What do most men do after divorce? ›

Since most men do not take time to grieve the loss of their marriage, they immediately get back out there and get into new relationships and use dating after divorce as a way of escaping the pain instead of giving themselves time to heal.

Why are breakups harder on guys? ›

Thanks to the idea that men are unwaveringly stoic and unemotional, many men have less experience processing negative emotions in a healthy way, and may also feel less willing to reach out to emotional support networks — or to even have them in the first place.

Do men heal from divorce? ›

Men's mental health can be adversely impacted in several ways following divorce.

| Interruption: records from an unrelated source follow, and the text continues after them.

lemma tr_power_base:
  assumes "card (UNIV :: 'a::{finite,field} set) = Q ^ n"
  shows "tr Q n ((x::'a) ^ Q) = tr Q n x"
proof -
  let ?f = "\<lambda>i. x ^ Q ^ i"
  have "?f 0 + tr Q n (x ^ Q) = (\<Sum>i<Suc n. ?f i)"
    unfolding sum.lessThan_Suc_shift by (simp add: tr_def power_mult[symmetric])
  also have "\<dots> = tr Q n x + ?f 0"
    using power_card_eq_self[of x] by (simp add: tr_def assms)
  finally show ?thesis
    by (simp add: add.commute)
qed

lemma tr_power_base_power:
  assumes "card (UNIV :: 'a::{finite,field} set) = Q ^ n"
  shows "tr Q n ((x::'a) ^ Q ^ j) = tr Q n x"
proof (induction j)
  case (Suc j)
  have "tr Q n (x ^ Q ^ Suc j) = tr Q n ((x ^ Q ^ j) ^ Q)"
    by (simp add: power_mult[symmetric] mult.commute)
  also have "\<dots> = tr Q n (x ^ Q ^ j)"
    by (rule tr_power_base[OF assms])
  also have "\<dots> = tr Q n x"
    by (rule Suc.IH)
  finally show ?case .
qed simp

lemma tr_zero [simp]: "Q > 0 \<Longrightarrow> tr Q n (0::'a::field) = 0"
  by (simp add: tr_def power_0_left)

lemma tr_mult_fixed:
  assumes "w \<in> frob_fixed Q"
  shows "tr Q n (w * y) = w * tr Q n y"
  using assms by (simp add: tr_def frob_fixed_def power_mult_distrib power_power_eq_self sum_distrib_left)

section \<open>Finite fields of characteristic two\<close>

locale binary_field =
  fixes N :: nat
  assumes card_UNIV: "card (UNIV :: 'a::{finite,field} set) = 2 ^ N"
begin

lemma N_pos: "N > 0"
proof (rule ccontr)
  assume "\<not> N > 0"
  then have "card (UNIV :: 'a set) = 1"
    by (simp add: card_UNIV)
  then show False
    using card_field_ge_2[where 'a = 'a] by simp
qed
lemma accelerated_step:
  assumes "A \<ge> 0" "b > 0" "b^2 \<le> A + b"
    and \<mu>_nonneg: "\<And>i. i < N \<Longrightarrow> \<mu> i \<ge> 0" and v'_nonneg: "\<And>i. i < N \<Longrightarrow> v' i \<ge> 0"
    and l'_eq: "\<And>i. (A + b) * l' i = A * \<mu> i + b * v i"
  shows "A * dual \<mu> + b * lagrangian (xmin l') v' - sqnorm (\<lambda>i. v' i - v i) / (2*\<alpha>)
         \<le> (A + b) * dual (ascent l')"
proof -
  define A' where "A' = A + b"
  define u where "u = (\<lambda>i. (A * \<mu> i + b * v' i) / A')"
  have A'_pos: "A' > 0"
    using assms(1,2) by (simp add: A'_def)
  have u_minus_l': "u i - l' i = b / A' * (v' i - v i)" for i
  proof -
    have "A' * u i = A * \<mu> i + b * v' i"
      using A'_pos by (simp add: u_def)
    then have "A' * (u i - l' i) = b * (v' i - v i)"
      using l'_eq[of i] by (simp add: A'_def algebra_simps)
    then show ?thesis
      using A'_pos by (simp add: field_simps)
  qed
  have "A * dual \<mu> + b * lagrangian (xmin l') v' \<le> A * lagrangian (xmin l') \<mu> + b * lagrangian (xmin l') v'"
    using assms(1) by (simp add: mult_left_mono dual_le_lagrangian xmin_bounds)
  also have "\<dots> = A' * lagrangian (xmin l') u"
    using lagrangian_affine A'_pos by (simp add: A'_def u_def)
  also have "\<dots> = A' * (dual l' + (\<Sum>i<N. slack (xmin l') i * (u i - l' i)))"
    unfolding dual_def by (subst lagrangian_shift[where l = l']) simp
  finally have upper: "A * dual \<mu> + b * lagrangian (xmin l') v'
                       \<le> A' * (dual l' + (\<Sum>i<N. slack (xmin l') i * (u i - l' i)))" .
  have "u i \<ge> 0" if "i < N" for i
    using assms(1,2) A'_pos \<mu>_nonneg[OF that] v'_nonneg[OF that] by (simp add: u_def)
  then have "dual l' + (\<Sum>i<N. slack (xmin l') i * (u i - l' i)) - sqnorm (\<lambda>i. u i - l' i) / (2*\<alpha>)
             \<le> dual (ascent l')"
    by (rule dual_ascent_step)
  moreover have "A' * sqnorm (\<lambda>i. u i - l' i) \<le> sqnorm (\<lambda>i. v' i - v i)"
  proof -
    have "A' * sqnorm (\<lambda>i. u i - l' i) = b^2 / A' * sqnorm (\<lambda>i. v' i - v i)"
      using sqnorm_scale[of "b / A'" "\<lambda>i. v' i - v i"] A'_pos
      by (simp add: u_minus_l' power2_eq_square)
    also have "\<dots> \<le> sqnorm (\<lambda>i. v' i - v i)"
      using assms(3) A'_pos sqnorm_nonneg by (intro mult_left_le_one_le) (auto simp: A'_def)
    finally show ?thesis .
  qed
  then have "A' * sqnorm (\<lambda>i. u i - l' i) / (2*\<alpha>) \<le> sqnorm (\<lambda>i. v' i - v i) / (2*\<alpha>)"
    using alpha_pos by (simp add: divide_right_mono)
  ultimately have "A' * (dual l' + (\<Sum>i<N. slack (xmin l') i * (u i - l' i))) - sqnorm (\<lambda>i. v' i - v i) / (2*\<alpha>)
                   \<le> A' * dual (ascent l')"
    using A'_pos mult_left_mono[of _ _ A'] by (fastforce simp: right_diff_distrib)
  with upper show ?thesis
    unfolding A'_def by linarith
qed

definition lam :: "nat \<Rightarrow> nat \<Rightarrow> real" where
  "lam k = fst (alg_state N E \<delta> \<alpha> k)"

definition z :: "nat \<Rightarrow> nat \<Rightarrow> real" where
  "z k = fst (snd (alg_state N E \<delta> \<alpha> (Suc k)))"

definition mu :: "nat \<Rightarrow> nat \<Rightarrow> real" where
  "mu k = ascent (lam k)"

text \<open>v k is the maximizer over \<lambda> \<ge> 0 of the estimate function estimate k below.\<close>

definition v :: "nat \<Rightarrow> nat \<Rightarrow> real" where
  "v k = (\<lambda>i. pos (\<alpha> * z k i))"

definition weight :: "nat \<Rightarrow> real" where
  "weight t = (real t + 1) / 2"

definition weight_sum :: "nat \<Rightarrow> real" where
  "weight_sum k = (real k + 1) * (real k + 2) / 4"

abbreviation xb :: "nat \<Rightarrow> nat \<Rightarrow> real" where
  "xb k \<equiv> xbar N E \<delta> \<alpha> k"

lemma lam_0: "lam 0 = (\<lambda>_. 0)"
  by (simp add: lam_def)

lemma lam_Suc: "lam (Suc k) i = (real k + 1) / (real k + 3) * mu k i + 2 / (real k + 3) * v k i"
  by (cases "alg_state N E \<delta> \<alpha> k")
     (simp add: lam_def z_def mu_def ascent_def v_def nonneg_mult_pos alpha_pos[THEN less_imp_le]
                xmin_def slack_def Amul_def Let_def mult.assoc)

lemma z_0: "z 0 i = 1/2 * slack (xmin (lam 0)) i"
  by (simp add: lam_def z_def xmin_def slack_def Amul_def Let_def)

lemma z_Suc: "z (Suc k) i = z k i + (real k + 2) / 2 * slack (xmin (lam (Suc k))) i"
  by (cases "alg_state N E \<delta> \<alpha> (Suc k)")
     (simp add: lam_def z_def xmin_def slack_def Amul_def Let_def del: alg_state.simps(2),
      simp add: Let_def)

lemma xbar_0: "xb 0 j = xmin (lam 0) j"
  by (simp add: lam_def xbar_def xmin_def Let_def)

lemma xbar_Suc:
  "xb (Suc k) j = (real k + 1) / (real k + 3) * xb k j + 2 / (real k + 3) * xmin (lam (Suc k)) j"
  by (cases "alg_state N E \<delta> \<alpha> (Suc k)")
     (simp add: lam_def xbar_def xmin_def Let_def del: alg_state.simps(2), simp add: Let_def add.commute)

lemma weight_sum_0: "weight_sum 0 = weight 0"
  by (simp add: weight_sum_def weight_def)

lemma weight_sum_Suc: "weight_sum (Suc k) = weight_sum k + weight (Suc k)"
  by (simp add: weight_sum_def weight_def field_simps)

lemma weight_sum_pos: "weight_sum k > 0"
  by (simp add: weight_sum_def)

lemma sum_weight: "(\<Sum>t\<le>k. weight t) = weight_sum k"
  by (induction k) (simp_all add: weight_sum_0 weight_sum_Suc)

lemma weight_sq_le_weight_sum: "(weight k)^2 \<le> weight_sum k"
  by (simp add: weight_def weight_sum_def power2_eq_square field_simps)

lemma lam_Suc_weighted:
  "weight_sum (Suc k) * lam (Suc k) i = weight_sum k * mu k i + weight (Suc k) * v k i"
proof -
  have "weight_sum (Suc k) * ((real k + 1) / (real k + 3)) = weight_sum k"
       "weight_sum (Suc k) * (2 / (real k + 3)) = weight (Suc k)"
    by (simp_all add: weight_sum_def weight_def field_simps)
  then show ?thesis
    unfolding lam_Suc distrib_left mult.assoc[symmetric] by (simp only:)
qed

lemma z_eq_sum: "z k i = (\<Sum>t\<le>k. weight t * slack (xmin (lam t)) i)"
  by (induction k) (simp_all add: z_0 z_Suc weight_def)

lemma xbar_eq_average: "weight_sum k * xb k j = (\<Sum>t\<le>k. weight t * xmin (lam t) j)"
proof (induction k)
  case 0
  then show ?case by (simp add: xbar_0 weight_sum_0)
next
  case (Suc k)
  have "weight_sum (Suc k) * ((real k + 1) / (real k + 3)) = weight_sum k"
       "weight_sum (Suc k) * (2 / (real k + 3)) = weight (Suc k)"
    by (simp_all add: weight_sum_def weight_def field_simps)
  then have "weight_sum (Suc k) * xb (Suc k) j
             = weight_sum k * xb k j + weight (Suc k) * xmin (lam (Suc k)) j"
    unfolding xbar_Suc distrib_left mult.assoc[symmetric] by (simp only:)
  with Suc show ?case by simp
qed

lemma mu_nonneg: "mu k i \<ge> 0"
  by (simp add: mu_def ascent_def pos_nonneg)

lemma v_nonneg: "v k i \<ge> 0"
  by (simp add: v_def pos_nonneg)

lemma xbar_nonneg: "xb k j \<ge> 0"
proof -
  have "weight_sum k * xb k j \<ge> 0"
    unfolding xbar_eq_average
    by (intro sum_nonneg mult_nonneg_nonneg) (auto simp: weight_def xmin_bounds)
  then show ?thesis
    using weight_sum_pos[of k] by (simp add: zero_le_mult_iff)
qed

lemma z_eq_slack_xbar: "z k i = weight_sum k * slack (xb k) i"
proof -
  have "(\<Sum>t\<le>k. weight t * Amul (xmin (lam t)) i) = (\<Sum>j\<in>nbhd i. \<Sum>t\<le>k. weight t * xmin (lam t) j)"
    unfolding Amul_def sum_distrib_left by (rule sum.swap)
  also have "\<dots> = weight_sum k * Amul (xb k) i"
    by (simp add: xbar_eq_average[symmetric] Amul_def sum_distrib_left)
  finally show ?thesis
    by (simp add: z_eq_sum slack_def right_diff_distrib sum_subtractf sum_weight)
qed

definition estimate :: "nat \<Rightarrow> (nat \<Rightarrow> real) \<Rightarrow> real" where
  "estimate k l = (\<Sum>t\<le>k. weight t * lagrangian (xmin (lam t)) l) - sqnorm l / (2*\<alpha>)"

lemma estimate_eq:
  "estimate k l = (\<Sum>t\<le>k. weight t * cost (xmin (lam t))) + (\<Sum>i<N. l i * z k i - (l i)^2 / (2*\<alpha>))"
proof -
  have "(\<Sum>t\<le>k. \<Sum>i<N. weight t * (l i * slack (xmin (lam t)) i)) = (\<Sum>i<N. l i * z k i)"
    by (subst sum.swap) (simp add: z_eq_sum sum_distrib_left algebra_simps)
  then show ?thesis
    by (simp add: estimate_def lagrangian_def sqnorm_def sum_divide_distrib sum_subtractf
                  distrib_left sum.distrib sum_distrib_left)
qed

Increased levels of depression, anxiety, and suicidal thinking are common. However, you may make the healing process easier by adopting healthy habits, reconnecting with those close to you, and prioritizing mental health.

Why is divorce so hard emotionally? ›

Even when a relationship is no longer good, a divorce or breakup can be extremely painful because it represents the loss, not just of the partnership, but also of the dreams and commitments you shared. Romantic relationships begin on a high note of excitement and hopes for the future.

How does a man feel during divorce? ›

Amid a divorce, feelings of depression and loneliness can permeate a man's emotional experience. The sense of loss, combined with changes in routine and social dynamics, can contribute to these emotions.

Do men ever win in a divorce? ›

It is a common misconception that men do not have the same rights as women when it comes to a divorce. In modern society, men and women are treated equally and must abide by the same laws. However, it is important for men to remember that their actions and behavior during divorce proceedings can impact the outcome.

Why a man wants to divorce his wife? ›

There's so many reasons why a man may do so .. the best answer would be he doesn't feel the same about her. Another one could be he's scared of commitment and isn't ready to be loved or to love.

Who suffers more from divorce, men or women? ›

While there's no argument that everyone endures the pain of divorce in one way or another, many people may be surprised to hear that, according to research, men have a much more difficult time with a split than women.

Does divorce hurt men more than it hurts women? ›

Research indicates life after divorce for men is more traumatic than it is for women, taking a more significant emotional toll as well as sparking physical deterioration.

Is divorce harder on boys or girls? ›

Boys are more likely to suffer from depression when one parent leaves the home, especially when a boy is not able to spend time with them consistently. Boys may also lose connection with the parent they live with because they work longer hours to provide for the family and keep a home running.

Why are women happier than men after a divorce? ›

While men look outward when seeking comfort from emotional pain, women look inward. They are more likely to take an internal inventory of the role they played in the demise of the marriage and are more willing to let go of the past so they can focus on the future.